Not only must the seller be the choreographer of the show, they must also be the conductor of the band.
Let’s assume you are negotiating in a meeting. You’ve made your plan and you know what you want for outcomes. You know who is at the meeting and their objectives, desires, challenges, skepticisms, requirements, and so forth. You also know the buyer’s buying process.
Engaging the buyer means taking the lead and setting the tone. It means collaborating with confidence and maintaining a peer-to-peer dynamic. It also means opening the discussion yourself whenever possible.
For example, let’s say it is time to talk about pricing. Common advice for sellers is to ask buyers for a budget, or to let the buyers go first with setting a price range for what they plan to spend on your offerings.
This isn’t typically good advice.
Most often sellers can feel their stomach drop when a buyer first mentions a budget. It’s rarely enough, leaving the seller to backtrack and explain why, if the buyer wants to achieve their desired objectives, it will need to be higher.
When it comes to facilitating, this is where you open the door as much as possible to collaborating. Collaboration, as we know from Essential Rule of Sales Negotiation #2: Build Value, deepens relationships and trust while creating a sense of psychological ownership in the buyer.

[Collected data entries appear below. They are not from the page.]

lemma abs_poly_le_one_plus_square_power:
  fixes y :: real
  assumes "y > 0" "coeff S 0 = 0" "degree S \<le> 2*j + 1"
  shows "\<bar>poly S y\<bar> \<le> (\<Sum>i\<le>degree S. \<bar>coeff S i\<bar>) * (y * (1 + y\<^sup>2) ^ j)"
proof -
  have "\<bar>coeff S i * y ^ i\<bar> \<le> \<bar>coeff S i\<bar> * (y * (1 + y\<^sup>2) ^ j)" if "i \<le> degree S" for i
  proof (cases i)
    case (Suc l)
    have "y ^ l \<le> (1 + y\<^sup>2) ^ j"
    proof (cases "y \<le> 1")
      case True
      then have "y ^ l \<le> 1"
        using assms(1) by (simp add: power_le_one)
      moreover have "1 \<le> (1 + y\<^sup>2) ^ j"
        by (simp add: one_le_power)
      ultimately show ?thesis
        by linarith
    next
      case False
      then have "y ^ l \<le> (y\<^sup>2) ^ j"
        using Suc that assms(3) by (simp add: power_increasing flip: power_mult)
      also have "\<dots> \<le> (1 + y\<^sup>2) ^ j"
        by (simp add: power_mono)
      finally show ?thesis .
    qed
    then show ?thesis
      using assms(1) by (simp add: Suc abs_mult mult_left_mono)
  qed (use assms(2) in simp)
  then have "(\<Sum>i\<le>degree S. \<bar>coeff S i * y ^ i\<bar>) \<le> (\<Sum>i\<le>degree S. \<bar>coeff S i\<bar> * (y * (1 + y\<^sup>2) ^ j))"
    by (intro sum_mono) simp
  then show ?thesis
    by (simp add: poly_altdef sum_distrib_right order_trans[OF sum_abs])
qed

lemma abs_Psi_le: "\<exists>A\<ge>0. \<forall>y>0. \<bar>Psi k y\<bar> \<le> A * y / (1 + y\<^sup>2)"
proof (intro exI conjI allI impI)
  let ?A = "\<Sum>i\<le>degree (Psi_numer k). \<bar>coeff (Psi_numer k) i\<bar>"
  show "?A \<ge> 0"
    by (simp add: sum_nonneg)
  fix y :: real
  assume "y > 0"
  have "(1 + y\<^sup>2) ^ (3*k) > 0"
    by (simp add: add_pos_nonneg)
  have "\<bar>Psi k y\<bar> = \<bar>poly (Psi_numer k) y\<bar> / ((1 + y\<^sup>2) ^ (3*k) * (1 + y\<^sup>2))"
    by (simp add: Psi_eq_poly_over_power abs_div)
  also have "\<dots> \<le> ?A * (y * (1 + y\<^sup>2) ^ (3*k)) / ((1 + y\<^sup>2) ^ (3*k) * (1 + y\<^sup>2))"
    using abs_poly_le_one_plus_square_power[OF \<open>y > 0\<close> coeff_0_Psi_numer[of k], of "3*k"] degree_Psi_numer[of k]
    by (intro divide_right_mono) simp_all
  also have "\<dots> = ?A * y / (1 + y\<^sup>2)"
    using \<open>(1 + y\<^sup>2) ^ (3*k) > 0\<close> by simp
  finally show "\<bar>Psi k y\<bar> \<le> ?A * y / (1 + y\<^sup>2)" .
qed

lemma has_real_derivative_Psi: "(Psi k has_real_derivative deriv (Psi k) y) (at y)"
  unfolding Psi_eq_poly_over_power deriv_poly_over_power by (rule has_real_derivative_poly_over_power)

lemma has_real_derivative_deriv_Psi:
  "(deriv (Psi k) has_real_derivative deriv (deriv (Psi k)) y) (at y)"
  unfolding Psi_eq_poly_over_power deriv_poly_over_power by (rule has_real_derivative_poly_over_power)

lemma isCont_Psi: "isCont (Psi k) y"
  using has_real_derivative_Psi DERIV_isCont by blast

lemma Psi_measurable [measurable]: "Psi k \<in> borel_measurable borel"
  by (intro borel_measurable_continuous_onI continuous_at_imp_continuous_on ballI isCont_Psi)

lemma Psi_at_0: "Psi k 0 = 0"
  by (simp add: Psi_eq_poly_over_power poly_0_coeff_0 coeff_0_Psi_numer)

lemma Psi_tendsto_0_at_top: "(Psi k \<longlongrightarrow> 0) at_top"
proof -
  obtain A where A: "\<forall>y>0. \<bar>Psi k y\<bar> \<le> A * y / (1 + y\<^sup>2)"
    using abs_Psi_le by blast
  have "eventually (\<lambda>y. norm (Psi k y) \<le> A * y / (1 + y\<^sup>2)) at_top"
    using eventually_gt_at_top[of "0::real"] by eventually_elim (use A in auto)
  moreover have "((\<lambda>y. A * y / (1 + y\<^sup>2)) \<longlongrightarrow> 0) at_top"
    by real_asymp
  ultimately show ?thesis
    by (rule Lim_null_comparison)
qed

lemma Psi_Suc_eq:
  "y \<noteq> 0 \<Longrightarrow> 4 * (1 + y\<^sup>2) * Psi (Suc k) y = y\<^sup>2 * deriv (deriv (Psi k)) y + y * deriv (Psi k) y"
  by (simp add: field_simps power2_eq_square add_nonneg_eq_0_iff)

declare Psi.simps(2) [simp del]

lemma Psi_1_le:
  assumes "y > 0"
  shows "(1 + y\<^sup>2) * Psi 1 y \<le> y / 4"
proof -
  have Q: "1 + y\<^sup>2 > 0"
    by (simp add: add_pos_nonneg)
  have "(1 + y\<^sup>2) * Psi 1 y = poly (Psi_numer 1) y / (1 + y\<^sup>2) ^ 3"
  proof -
    have "(1 + y\<^sup>2) ^ 4 = (1 + y\<^sup>2) * (1 + y\<^sup>2) ^ 3"
      by (simp add: eval_nat_numeral)
    with Q show ?thesis
      by (simp add: Psi_eq_poly_over_power del: Psi_numer.simps)
  qed
  also have "\<dots> = y * (1 - 6 * y\<^sup>2 + y ^ 4) / (4 * (1 + y\<^sup>2) ^ 3)"
    using Q by (simp add: deriv_numer_def pderiv_pCons field_simps power2_eq_square power4_eq_xxxx)
  also have "\<dots> \<le> y * (1 + y\<^sup>2) ^ 3 / (4 * (1 + y\<^sup>2) ^ 3)"
    using assms Q by (intro divide_right_mono mult_left_mono)
      (auto simp: power2_eq_square power3_eq_cube power4_eq_xxxx algebra_simps)
  also have "\<dots> = y / 4"
    using Q by simp
  finally show ?thesis .
qed

section \<open>The integral phi and its differential equation\<close>

text \<open>Differentiation in \<open>x\<close> only changes the weight \<open>w\<close>, so \<open>u\<^sub>n\<close> and its first two
  derivatives are all of this form.\<close>
definition phi_weighted :: "(real \<Rightarrow> real) \<Rightarrow> nat \<Rightarrow> real \<Rightarrow> real" where
  "phi_weighted w n x = integral {0..pi} (\<lambda>t. w t * exp (- 2 * x * sin t) * cos (2 * real n * t))"

lemma has_integral_phi_weighted:
  assumes "continuous_on {0..pi} w"
  shows "((\<lambda>t. w t * exp (- 2 * x * sin t) * cos (2 * real n * t)) has_integral phi_weighted w n x) {0..pi}"
  unfolding phi_weighted_def
  by (intro integrable_integral integrable_continuous_interval continuous_intros assms)

lemma has_real_derivative_phi_weighted:
  assumes "continuous_on UNIV w"
  shows "(phi_weighted w n has_real_derivative phi_weighted (\<lambda>t. - 2 * sin t * w t) n x) (at x)"
proof -
  have "continuous_on (UNIV \<times> cbox 0 pi) (\<lambda>p. w (snd p))"
    by (rule continuous_on_compose2[OF assms continuous_on_snd]) auto
  then have "((\<lambda>x. integral (cbox 0 pi) (\<lambda>t. w t * exp (- 2 * x * sin t) * cos (2 * real n * t)))
      has_field_derivative integral (cbox 0 pi) (\<lambda>t. - 2 * sin t * w t * exp (- 2 * x * sin t) * cos (2 * real n * t)))
      (at x within UNIV)"
    using assms
    by (intro leibniz_rule_field_derivative)
      (auto intro!: derivative_eq_intros integrable_continuous_interval continuous_intros
        continuous_on_subset[OF assms] simp: split_beta)
  then show ?thesis
    by (simp add: phi_weighted_def[abs_def])
qed

lemma has_real_derivative_phi_weighted_1:
  "(phi_weighted (\<lambda>_. 1) n has_real_derivative phi_weighted (\<lambda>t. - 2 * sin t) n x) (at x)"
  using has_real_derivative_phi_weighted[of "\<lambda>_. 1"] by simp

lemma has_real_derivative_phi_weighted_2:
  "(phi_weighted (\<lambda>t. - 2 * sin t) n has_real_derivative phi_weighted (\<lambda>t. 4 * (sin t)\<^sup>2) n x) (at x)"
  using has_real_derivative_phi_weighted[of "\<lambda>t. - 2 * sin t"]
  by (simp add: continuous_intros power2_eq_square)

lemma integral_0_pi_antisymmetric:
  fixes g :: "real \<Rightarrow> real"
  assumes "\<And>t. g (pi - t) = - g t"
  shows "integral {0..pi} g = 0"
proof -
  have "integral {0..pi} g = integral {-pi..0} (\<lambda>t. g (- t))"
    using Henstock_Kurzweil_Integration.integral_reflect_real[of pi 0 g] by simp
  also have "\<dots> = integral {0..pi} (\<lambda>t. g (pi - t))"
    using integral_shift_real_ivl[where a="-pi" and b=0 and c="-pi" and f="\<lambda>t. g (- t)"] by simp
  also have "\<dots> = - integral {0..pi} g"
    by (simp add: assms integral_neg)
  finally show ?thesis
    by simp
qed

lemma phi_eq_phi_weighted: "phi n x = of_real (phi_weighted (\<lambda>_. 1) n x)"
proof -
  define E where "E t = exp (- 2 * x * sin t)" for t
  have "integral {0..pi} (\<lambda>t. E t * sin (2 * real n * t)) = 0"
  proof (rule integral_0_pi_antisymmetric)
    fix t
    have "sin (2 * real n * (pi - t)) = sin (real (2 * n) * pi - 2 * real n * t)"
      by (simp add: algebra_simps)
    then show "E (pi - t) * sin (2 * real n * (pi - t)) = - (E t * sin (2 * real n * t))"
      by (simp add: E_def sin_diff)
  qed
  moreover have "(\<lambda>t. E t * sin (2 * real n * t)) integrable_on {0..pi}"
    by (simp add: E_def integrable_continuous_interval continuous_intros)
  ultimately have "((\<lambda>t. complex_of_real (E t * sin (2 * real n * t))) has_integral 0) {0..pi}"
    using has_integral_of_real[OF integrable_integral] by fastforce
  from has_integral_add[OF has_integral_of_real[OF has_integral_phi_weighted[of "\<lambda>_. 1" x n]]
      has_integral_mult_right[OF this, of \<i>]]
  have "((\<lambda>t. complex_of_real (E t * cos (2 * real n * t)) + \<i> * complex_of_real (E t * sin (2 * real n * t)))
      has_integral complex_of_real (phi_weighted (\<lambda>_. 1) n x)) {0..pi}"
    by (simp add: E_def)
  moreover have "complex_of_real (exp (- 2 * x * sin t)) * exp (2 * \<i> * of_nat n * complex_of_real t)
      = complex_of_real (E t * cos (2 * real n * t)) + \<i> * complex_of_real (E t * sin (2 * real n * t))" for t
    using cis_conv_exp[of "2 * real n * t"] by (simp add: E_def cis.ctr complex_eq_iff mult_ac)
  ultimately show ?thesis
    unfolding phi_def by (simp add: integral_unique)
qed

lemma has_integral_0_pi_of_derivative:
  fixes F :: "real \<Rightarrow> real"
  assumes "\<And>t. (F has_real_derivative F' t) (at t)"
  shows "(F' has_integral (F pi - F 0)) {0..pi}"
  by (intro fundamental_theorem_of_calculus)
    (auto simp flip: has_real_derivative_iff_has_vector_derivative intro: has_field_derivative_at_within assms)

lemma phi_weighted_ode:
  "x\<^sup>2 * phi_weighted (\<lambda>t. 4 * (sin t)\<^sup>2) n x + x * phi_weighted (\<lambda>t. - 2 * sin t) n x
     - 4 * (x\<^sup>2 + (real n)\<^sup>2) * phi_weighted (\<lambda>_. 1) n x = - 4 * x"
proof -
  define E where "E t = exp (- 2 * x * sin t)" for t
  define c where "c t = cos (2 * real n * t)" for t
  define s where "s t = sin (2 * real n * t)" for t
  define G where "G t = 2 * x * cos t * E t * c t - 2 * real n * E t * s t" for t
  \<comment> \<open>\<open>G'\<close> is the integrand below, so the equation is a single integration by parts.\<close>
  have by_parts: "((\<lambda>t. (4 * x\<^sup>2 * (sin t)\<^sup>2 - 2 * x * sin t - 4 * (x\<^sup>2 + (real n)\<^sup>2)) * E t * c t)
      has_integral (G pi - G 0)) {0..pi}"
  proof (rule has_integral_0_pi_of_derivative)
    fix t
    have dE: "(E has_real_derivative - 2 * x * cos t * E t) (at t)"
      unfolding E_def by (auto intro!: derivative_eq_intros)
    have dc: "(c has_real_derivative - 2 * real n * s t) (at t)"
      unfolding c_def s_def by (auto intro!: derivative_eq_intros)
    have ds: "(s has_real_derivative 2 * real n * c t) (at t)"
      unfolding c_def s_def by (auto intro!: derivative_eq_intros)
    have "(G has_real_derivative
        2 * x * cos t * E t * (- 2 * real n * s t)
          + (2 * x * cos t * (- 2 * x * cos t * E t) + 2 * x * (- sin t) * E t) * c t
        - (2 * real n * E t * (2 * real n * c t) + 2 * real n * (- 2 * x * cos t * E t) * s t)) (at t)"
      (is "(G has_real_derivative ?D) _")
      unfolding G_def by (intro DERIV_diff DERIV_mult' DERIV_cmult DERIV_cos dE dc ds)
    moreover have "?D = (4 * x\<^sup>2 * (sin t)\<^sup>2 - 2 * x * sin t - 4 * (x\<^sup>2 + (real n)\<^sup>2)) * E t * c t"
      unfolding sin_squared_eq by algebra
    ultimately show "(G has_real_derivative
        (4 * x\<^sup>2 * (sin t)\<^sup>2 - 2 * x * sin t - 4 * (x\<^sup>2 + (real n)\<^sup>2)) * E t * c t) (at t)"
      by simp
  qed
  have boundary: "G pi - G 0 = - 4 * x"
    by (simp add: G_def E_def c_def s_def)
  have "continuous_on {0..pi} (\<lambda>t::real. 4 * (sin t)\<^sup>2)" "continuous_on {0..pi} (\<lambda>t::real. - 2 * sin t)"
    "continuous_on {0..pi} (\<lambda>t::real. 1)"
    by (intro continuous_intros)+
  note has_integral_mult_right[OF has_integral_phi_weighted[OF this(1)], of "x\<^sup>2" x n]
    has_integral_mult_right[OF has_integral_phi_weighted[OF this(2)], of x x n]
    has_integral_mult_right[OF has_integral_phi_weighted[OF this(3)], of "4 * (x\<^sup>2 + (real n)\<^sup>2)" x n]
  from has_integral_diff[OF has_integral_add[OF this(1,2)] this(3)]
  have "((\<lambda>t. (4 * x\<^sup>2 * (sin t)\<^sup>2 - 2 * x * sin t - 4 * (x\<^sup>2 + (real n)\<^sup>2)) * E t * c t)
      has_integral x\<^sup>2 * phi_weighted (\<lambda>t. 4 * (sin t)\<^sup>2) n x + x * phi_weighted (\<lambda>t. - 2 * sin t) n x
        - 4 * (x\<^sup>2 + (real n)\<^sup>2) * phi_weighted (\<lambda>_. 1) n x) {0..pi}"
    by (simp add: E_def c_def algebra_simps)
  from has_integral_unique[OF this by_parts] show ?thesis
    by (simp only: boundary)
qed

lemma phi_weighted_at_0:
  assumes "n \<ge> 1"
  shows "phi_weighted (\<lambda>_. 1) n 0 = 0"
proof -
  have "((\<lambda>t. cos (2 * real n * t)) has_integral
      sin (2 * real n * pi) / (2 * real n) - sin (2 * real n * 0) / (2 * real n)) {0..pi}"
    by (rule has_integral_0_pi_of_derivative) (use assms in \<open>auto intro!: derivative_eq_intros\<close>)
  then show ?thesis
    by (simp add: phi_weighted_def integral_unique)
qed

If you leave it to the buyer or anyone else to facilitate, they may engage in unhelpful tit-for-tat zero-sum bargaining or arguing about positions on pricing and terms. Facilitate the discussion to avoid getting derailed.
Like leading in general, facilitating doesn’t mean doing all the talking. It’s about guiding the discussion down the right paths. In fact, it’s often better to talk less. Ask the right questions and you can guide the discussion properly while, at the same time, allowing buyers to feel connected and engaged. When they come up with ideas that are fruitful, you can allow them to own those ideas, showing them you think the ideas are productive and helpful. Then they will also feel respected and valued.
Finally, when it comes to commitment, it’s up to you to close the discussion when it’s time. We’ve seen too many sales where a verbal “yes” turns into a “no” over time because the agreement wasn’t buttoned up, or it wasn’t buttoned up fast enough.
To the first point, there’s quite a bit of research on how to make sure the commitment that you gain is durable. For example, influence researcher Robert Cialdini found that commitments that are verbal, written, and public are much more likely to be kept than those that are verbal or verbal and written only. At the end of negotiations, sellers should get verbal agreement. Listen and confirm that buyers are ready to move forward.
Then the seller should summarize what they agreed to, and let buyers know they will write it up immediately and send to the buyer for confirmation which they’d appreciate a “yes” reply to make sure they didn’t miss anything. And then, as possible, get the buyer to announce internally they are moving forward, even if a contract has not yet been signed.